### EXERCISE PROMPT:
Nothing but the lines below between the line holding "using interchange[OF f" and the line holding "using coassoc A comp_assoc[OF", inclusive, should appear in the answer, each set down exactly.

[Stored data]
◆ ◆ ◆ ◆

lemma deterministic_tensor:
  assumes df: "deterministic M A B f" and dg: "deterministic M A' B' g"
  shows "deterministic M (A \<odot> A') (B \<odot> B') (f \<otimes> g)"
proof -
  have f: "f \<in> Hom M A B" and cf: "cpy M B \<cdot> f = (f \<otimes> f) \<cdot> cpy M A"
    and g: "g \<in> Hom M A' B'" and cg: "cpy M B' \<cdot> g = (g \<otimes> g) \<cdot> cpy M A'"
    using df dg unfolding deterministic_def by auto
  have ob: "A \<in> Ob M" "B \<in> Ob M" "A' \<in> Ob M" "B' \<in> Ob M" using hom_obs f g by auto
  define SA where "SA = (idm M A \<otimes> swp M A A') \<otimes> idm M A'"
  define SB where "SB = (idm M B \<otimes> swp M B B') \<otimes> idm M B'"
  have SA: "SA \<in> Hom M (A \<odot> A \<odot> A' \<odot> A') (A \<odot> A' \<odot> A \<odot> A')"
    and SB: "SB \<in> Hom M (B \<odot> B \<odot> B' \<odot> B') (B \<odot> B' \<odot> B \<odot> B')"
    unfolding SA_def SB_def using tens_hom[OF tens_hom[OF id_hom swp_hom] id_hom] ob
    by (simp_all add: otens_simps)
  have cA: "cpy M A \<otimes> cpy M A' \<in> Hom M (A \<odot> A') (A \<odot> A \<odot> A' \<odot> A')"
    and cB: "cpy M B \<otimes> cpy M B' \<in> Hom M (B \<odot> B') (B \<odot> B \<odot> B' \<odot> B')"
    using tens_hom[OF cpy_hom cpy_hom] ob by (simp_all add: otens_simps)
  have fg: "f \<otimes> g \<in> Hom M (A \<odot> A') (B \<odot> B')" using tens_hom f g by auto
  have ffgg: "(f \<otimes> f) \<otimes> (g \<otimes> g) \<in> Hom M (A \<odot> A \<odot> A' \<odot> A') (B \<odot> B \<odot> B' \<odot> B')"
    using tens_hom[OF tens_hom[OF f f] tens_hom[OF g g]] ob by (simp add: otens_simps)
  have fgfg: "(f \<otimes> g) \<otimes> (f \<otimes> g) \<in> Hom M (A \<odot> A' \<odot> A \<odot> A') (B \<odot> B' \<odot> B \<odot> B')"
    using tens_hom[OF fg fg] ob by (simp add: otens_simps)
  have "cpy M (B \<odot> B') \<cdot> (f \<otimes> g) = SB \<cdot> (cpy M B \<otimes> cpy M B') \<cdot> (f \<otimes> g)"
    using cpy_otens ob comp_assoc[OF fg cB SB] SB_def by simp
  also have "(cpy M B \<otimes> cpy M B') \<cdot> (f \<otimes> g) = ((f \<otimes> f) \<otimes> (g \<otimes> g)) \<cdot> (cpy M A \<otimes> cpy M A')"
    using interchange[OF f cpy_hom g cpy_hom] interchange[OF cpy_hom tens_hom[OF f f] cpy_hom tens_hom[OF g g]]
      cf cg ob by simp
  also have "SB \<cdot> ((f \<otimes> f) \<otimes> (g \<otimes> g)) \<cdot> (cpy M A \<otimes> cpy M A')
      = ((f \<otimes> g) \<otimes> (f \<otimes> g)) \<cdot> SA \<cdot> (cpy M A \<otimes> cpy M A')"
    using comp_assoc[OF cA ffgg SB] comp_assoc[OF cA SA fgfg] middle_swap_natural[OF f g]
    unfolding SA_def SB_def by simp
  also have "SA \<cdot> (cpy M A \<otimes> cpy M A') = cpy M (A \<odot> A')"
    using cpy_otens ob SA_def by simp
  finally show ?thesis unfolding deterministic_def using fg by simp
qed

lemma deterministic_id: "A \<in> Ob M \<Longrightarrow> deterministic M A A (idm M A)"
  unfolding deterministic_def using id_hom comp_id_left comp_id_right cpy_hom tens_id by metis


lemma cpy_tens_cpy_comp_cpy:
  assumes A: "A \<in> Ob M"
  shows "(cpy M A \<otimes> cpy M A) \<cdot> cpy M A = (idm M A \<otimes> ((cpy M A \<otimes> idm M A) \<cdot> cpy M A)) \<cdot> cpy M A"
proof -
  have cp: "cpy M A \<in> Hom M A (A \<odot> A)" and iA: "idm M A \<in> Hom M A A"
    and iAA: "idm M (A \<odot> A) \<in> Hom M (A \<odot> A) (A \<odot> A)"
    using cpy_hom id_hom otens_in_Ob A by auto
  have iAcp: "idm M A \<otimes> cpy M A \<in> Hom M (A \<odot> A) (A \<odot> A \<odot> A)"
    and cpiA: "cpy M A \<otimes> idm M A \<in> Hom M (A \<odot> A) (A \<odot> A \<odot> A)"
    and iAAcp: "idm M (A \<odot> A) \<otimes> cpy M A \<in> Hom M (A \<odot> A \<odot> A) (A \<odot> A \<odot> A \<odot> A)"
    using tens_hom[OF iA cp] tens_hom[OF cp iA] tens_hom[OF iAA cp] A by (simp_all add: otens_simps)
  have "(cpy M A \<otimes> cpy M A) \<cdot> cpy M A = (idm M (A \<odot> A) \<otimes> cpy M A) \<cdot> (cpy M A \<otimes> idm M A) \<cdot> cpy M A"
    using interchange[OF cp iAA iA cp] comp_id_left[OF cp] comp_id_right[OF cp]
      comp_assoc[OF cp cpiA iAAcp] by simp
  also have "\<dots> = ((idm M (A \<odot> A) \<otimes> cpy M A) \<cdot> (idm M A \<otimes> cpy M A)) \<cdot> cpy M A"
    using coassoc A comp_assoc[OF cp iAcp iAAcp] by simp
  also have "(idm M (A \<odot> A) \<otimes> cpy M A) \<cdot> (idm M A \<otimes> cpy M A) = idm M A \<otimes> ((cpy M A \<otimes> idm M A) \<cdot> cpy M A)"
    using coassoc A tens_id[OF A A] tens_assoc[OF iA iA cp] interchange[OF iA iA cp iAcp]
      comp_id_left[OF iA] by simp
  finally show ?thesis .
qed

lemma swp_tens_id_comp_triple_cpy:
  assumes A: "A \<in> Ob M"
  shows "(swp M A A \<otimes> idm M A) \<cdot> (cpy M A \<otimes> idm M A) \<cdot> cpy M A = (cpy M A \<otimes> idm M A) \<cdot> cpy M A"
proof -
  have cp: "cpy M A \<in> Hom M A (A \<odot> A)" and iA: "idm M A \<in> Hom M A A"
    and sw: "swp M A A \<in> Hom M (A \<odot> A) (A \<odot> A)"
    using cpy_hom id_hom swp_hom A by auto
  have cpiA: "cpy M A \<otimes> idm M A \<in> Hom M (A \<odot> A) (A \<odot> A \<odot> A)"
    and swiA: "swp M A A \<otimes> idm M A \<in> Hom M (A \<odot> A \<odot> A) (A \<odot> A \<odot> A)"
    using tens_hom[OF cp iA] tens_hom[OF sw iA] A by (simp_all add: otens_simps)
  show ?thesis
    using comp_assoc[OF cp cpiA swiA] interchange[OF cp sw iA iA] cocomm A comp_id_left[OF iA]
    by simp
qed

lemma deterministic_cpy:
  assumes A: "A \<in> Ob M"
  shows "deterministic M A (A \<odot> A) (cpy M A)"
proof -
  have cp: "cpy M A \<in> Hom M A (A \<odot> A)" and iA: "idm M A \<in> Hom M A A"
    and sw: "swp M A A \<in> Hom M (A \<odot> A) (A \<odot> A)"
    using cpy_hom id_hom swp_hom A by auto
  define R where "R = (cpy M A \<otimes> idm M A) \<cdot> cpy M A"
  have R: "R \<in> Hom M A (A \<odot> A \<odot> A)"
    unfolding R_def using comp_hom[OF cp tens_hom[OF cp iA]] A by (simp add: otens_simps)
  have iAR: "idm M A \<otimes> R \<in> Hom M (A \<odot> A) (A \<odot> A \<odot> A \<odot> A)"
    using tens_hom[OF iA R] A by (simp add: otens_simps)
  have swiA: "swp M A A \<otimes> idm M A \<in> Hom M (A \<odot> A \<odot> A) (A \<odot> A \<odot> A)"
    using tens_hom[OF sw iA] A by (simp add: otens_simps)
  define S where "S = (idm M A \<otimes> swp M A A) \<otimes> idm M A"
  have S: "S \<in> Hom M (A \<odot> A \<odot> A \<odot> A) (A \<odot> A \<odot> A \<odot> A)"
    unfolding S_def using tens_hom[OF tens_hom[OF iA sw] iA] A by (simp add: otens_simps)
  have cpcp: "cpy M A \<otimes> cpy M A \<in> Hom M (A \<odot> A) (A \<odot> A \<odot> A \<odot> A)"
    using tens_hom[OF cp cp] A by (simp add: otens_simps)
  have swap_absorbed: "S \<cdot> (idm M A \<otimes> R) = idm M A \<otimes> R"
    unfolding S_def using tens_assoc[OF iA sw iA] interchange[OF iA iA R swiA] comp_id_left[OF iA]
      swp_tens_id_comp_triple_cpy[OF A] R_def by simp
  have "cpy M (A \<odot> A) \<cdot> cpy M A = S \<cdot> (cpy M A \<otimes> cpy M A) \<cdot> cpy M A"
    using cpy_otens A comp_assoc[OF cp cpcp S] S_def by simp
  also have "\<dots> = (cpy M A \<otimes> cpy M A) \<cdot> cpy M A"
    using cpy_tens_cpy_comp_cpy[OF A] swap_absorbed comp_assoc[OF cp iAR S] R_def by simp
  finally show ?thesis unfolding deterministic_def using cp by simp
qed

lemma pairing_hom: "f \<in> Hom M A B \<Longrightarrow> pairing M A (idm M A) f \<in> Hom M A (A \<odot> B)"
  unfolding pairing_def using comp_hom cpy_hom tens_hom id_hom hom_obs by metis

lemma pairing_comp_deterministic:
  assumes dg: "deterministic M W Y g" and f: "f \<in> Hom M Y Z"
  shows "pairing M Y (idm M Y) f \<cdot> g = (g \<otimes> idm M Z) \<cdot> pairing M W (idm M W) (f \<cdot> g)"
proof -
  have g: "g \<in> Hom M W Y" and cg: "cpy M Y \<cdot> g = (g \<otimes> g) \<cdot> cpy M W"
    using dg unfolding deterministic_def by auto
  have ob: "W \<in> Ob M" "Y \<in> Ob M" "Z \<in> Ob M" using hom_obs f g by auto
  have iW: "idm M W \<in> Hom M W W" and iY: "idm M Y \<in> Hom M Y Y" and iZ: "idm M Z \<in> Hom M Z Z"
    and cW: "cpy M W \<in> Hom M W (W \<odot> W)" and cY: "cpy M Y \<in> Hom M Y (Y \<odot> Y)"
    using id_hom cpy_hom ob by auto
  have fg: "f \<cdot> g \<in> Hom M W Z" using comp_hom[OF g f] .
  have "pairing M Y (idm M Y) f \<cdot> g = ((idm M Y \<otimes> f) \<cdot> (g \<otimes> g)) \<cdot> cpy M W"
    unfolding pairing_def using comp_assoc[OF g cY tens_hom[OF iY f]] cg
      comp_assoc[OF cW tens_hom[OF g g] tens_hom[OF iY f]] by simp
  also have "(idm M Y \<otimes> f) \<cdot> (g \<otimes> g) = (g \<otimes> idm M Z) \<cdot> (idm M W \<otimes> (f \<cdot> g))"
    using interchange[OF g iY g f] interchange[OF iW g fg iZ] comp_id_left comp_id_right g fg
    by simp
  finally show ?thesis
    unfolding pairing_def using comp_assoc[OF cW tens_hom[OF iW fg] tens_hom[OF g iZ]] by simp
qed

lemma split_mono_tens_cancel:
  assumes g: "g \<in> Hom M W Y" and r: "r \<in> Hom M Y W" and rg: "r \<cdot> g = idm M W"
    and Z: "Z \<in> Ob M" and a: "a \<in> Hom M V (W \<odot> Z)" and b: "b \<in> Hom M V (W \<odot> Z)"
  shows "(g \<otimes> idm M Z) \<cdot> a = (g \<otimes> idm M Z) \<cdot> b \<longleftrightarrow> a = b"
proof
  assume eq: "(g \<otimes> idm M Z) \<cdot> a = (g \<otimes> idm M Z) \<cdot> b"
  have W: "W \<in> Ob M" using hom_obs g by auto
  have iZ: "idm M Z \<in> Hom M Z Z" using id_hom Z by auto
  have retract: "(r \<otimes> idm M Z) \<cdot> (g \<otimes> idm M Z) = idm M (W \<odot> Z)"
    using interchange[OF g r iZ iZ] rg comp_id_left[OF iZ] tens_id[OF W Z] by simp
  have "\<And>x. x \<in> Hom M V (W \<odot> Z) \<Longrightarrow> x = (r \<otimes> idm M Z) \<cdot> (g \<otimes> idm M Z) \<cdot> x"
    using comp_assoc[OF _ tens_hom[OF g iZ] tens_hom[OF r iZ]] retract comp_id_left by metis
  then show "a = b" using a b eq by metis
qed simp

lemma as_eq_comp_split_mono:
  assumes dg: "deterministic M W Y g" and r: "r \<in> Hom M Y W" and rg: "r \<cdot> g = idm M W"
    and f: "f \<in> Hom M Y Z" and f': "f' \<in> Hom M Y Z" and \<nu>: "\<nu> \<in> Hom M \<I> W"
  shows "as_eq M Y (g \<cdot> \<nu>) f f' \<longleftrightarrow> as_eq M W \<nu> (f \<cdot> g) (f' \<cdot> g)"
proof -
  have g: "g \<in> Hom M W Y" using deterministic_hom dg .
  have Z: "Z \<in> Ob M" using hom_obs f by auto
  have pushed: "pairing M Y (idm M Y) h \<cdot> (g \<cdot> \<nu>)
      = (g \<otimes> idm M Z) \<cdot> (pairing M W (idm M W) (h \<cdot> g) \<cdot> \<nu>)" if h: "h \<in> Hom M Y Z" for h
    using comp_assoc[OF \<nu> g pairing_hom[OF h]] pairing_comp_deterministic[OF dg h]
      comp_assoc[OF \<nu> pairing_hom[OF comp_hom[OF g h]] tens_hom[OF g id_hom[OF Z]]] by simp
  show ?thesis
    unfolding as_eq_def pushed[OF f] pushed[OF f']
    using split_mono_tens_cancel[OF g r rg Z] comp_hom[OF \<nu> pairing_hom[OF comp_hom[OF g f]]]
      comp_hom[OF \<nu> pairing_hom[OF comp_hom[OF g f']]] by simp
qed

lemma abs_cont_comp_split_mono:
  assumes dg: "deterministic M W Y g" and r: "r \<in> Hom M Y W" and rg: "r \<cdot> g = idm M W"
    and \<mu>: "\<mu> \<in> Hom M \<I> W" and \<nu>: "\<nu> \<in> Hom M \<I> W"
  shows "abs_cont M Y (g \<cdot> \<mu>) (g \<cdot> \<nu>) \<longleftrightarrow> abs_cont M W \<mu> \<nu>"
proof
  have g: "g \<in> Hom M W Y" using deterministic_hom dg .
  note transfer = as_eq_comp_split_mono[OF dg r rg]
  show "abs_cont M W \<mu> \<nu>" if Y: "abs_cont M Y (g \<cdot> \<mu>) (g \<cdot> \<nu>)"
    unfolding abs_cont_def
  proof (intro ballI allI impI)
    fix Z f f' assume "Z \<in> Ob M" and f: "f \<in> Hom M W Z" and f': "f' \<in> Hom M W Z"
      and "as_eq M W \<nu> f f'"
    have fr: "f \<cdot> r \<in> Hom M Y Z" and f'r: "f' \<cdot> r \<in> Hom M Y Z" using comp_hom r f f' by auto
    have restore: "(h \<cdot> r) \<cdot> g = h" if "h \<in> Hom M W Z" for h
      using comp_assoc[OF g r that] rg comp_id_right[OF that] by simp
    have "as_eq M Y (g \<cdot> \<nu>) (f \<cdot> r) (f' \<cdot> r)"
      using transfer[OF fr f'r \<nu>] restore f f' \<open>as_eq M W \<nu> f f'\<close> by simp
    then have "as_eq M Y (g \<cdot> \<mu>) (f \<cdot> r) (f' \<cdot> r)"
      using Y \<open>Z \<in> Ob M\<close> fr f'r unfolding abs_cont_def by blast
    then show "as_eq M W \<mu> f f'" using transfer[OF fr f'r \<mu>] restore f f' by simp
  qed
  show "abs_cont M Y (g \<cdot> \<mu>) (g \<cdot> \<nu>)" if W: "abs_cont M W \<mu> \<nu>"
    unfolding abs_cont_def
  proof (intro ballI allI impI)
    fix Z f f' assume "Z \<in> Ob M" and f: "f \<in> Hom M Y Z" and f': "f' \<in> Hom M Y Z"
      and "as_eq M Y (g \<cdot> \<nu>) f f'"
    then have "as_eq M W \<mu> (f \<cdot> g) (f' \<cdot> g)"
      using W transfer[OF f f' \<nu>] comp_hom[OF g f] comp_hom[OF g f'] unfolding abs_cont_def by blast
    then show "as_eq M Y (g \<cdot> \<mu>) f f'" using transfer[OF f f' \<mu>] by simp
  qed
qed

◆ ◆ ◆ ◆

### ANSWER FOR THE TASK:
    using interchange[OF f cpy_hom g cpy_hom] interchange[OF cpy_hom tens_hom[OF f f] cpy_hom tens_hom[OF g g]]
      cf cg ob by simp
  also have "SB \<cdot> ((f \<otimes> f) \<otimes> (g \<otimes> g)) \<cdot> (cpy M A \<otimes> cpy M A')
      = ((f \<otimes> g) \<otimes> (f \<otimes> g)) \<cdot> SA \<cdot> (cpy M A \<otimes> cpy M A')"
    using comp_assoc[OF cA ffgg SB] comp_assoc[OF cA SA fgfg] middle_swap_natural[OF f g]
    unfolding SA_def SB_def by simp
  also have "SA \<cdot> (cpy M A \<otimes> cpy M A') = cpy M (A \<odot> A')"
    using cpy_otens ob SA_def by simp
  finally show ?thesis unfolding deterministic_def using fg by simp
qed

lemma deterministic_id: "A \<in> Ob M \<Longrightarrow> deterministic M A A (idm M A)"
  unfolding deterministic_def using id_hom comp_id_left comp_id_right cpy_hom tens_id by metis


lemma cpy_tens_cpy_comp_cpy:
  assumes A: "A \<in> Ob M"
  shows "(cpy M A \<otimes> cpy M A) \<cdot> cpy M A = (idm M A \<otimes> ((cpy M A \<otimes> idm M A) \<cdot> cpy M A)) \<cdot> cpy M A"
proof -
  have cp: "cpy M A \<in> Hom M A (A \<odot> A)" and iA: "idm M A \<in> Hom M A A"
    and iAA: "idm M (A \<odot> A) \<in> Hom M (A \<odot> A) (A \<odot> A)"
    using cpy_hom id_hom otens_in_Ob A by auto
  have iAcp: "idm M A \<otimes> cpy M A \<in> Hom M (A \<odot> A) (A \<odot> A \<odot> A)"
    and cpiA: "cpy M A \<otimes> idm M A \<in> Hom M (A \<odot> A) (A \<odot> A \<odot> A)"
    and iAAcp: "idm M (A \<odot> A) \<otimes> cpy M A \<in> Hom M (A \<odot> A \<odot> A) (A \<odot> A \<odot> A \<odot> A)"
    using tens_hom[OF iA cp] tens_hom[OF cp iA] tens_hom[OF iAA cp] A by (simp_all add: otens_simps)
  have "(cpy M A \<otimes> cpy M A) \<cdot> cpy M A = (idm M (A \<odot> A) \<otimes> cpy M A) \<cdot> (cpy M A \<otimes> idm M A) \<cdot> cpy M A"
    using interchange[OF cp iAA iA cp] comp_id_left[OF cp] comp_id_right[OF cp]
      comp_assoc[OF cp cpiA iAAcp] by simp
  also have "\<dots> = ((idm M (A \<odot> A) \<otimes> cpy M A) \<cdot> (idm M A \<otimes> cpy M A)) \<cdot> cpy M A"
    using coassoc A comp_assoc[OF cp iAcp iAAcp] by simp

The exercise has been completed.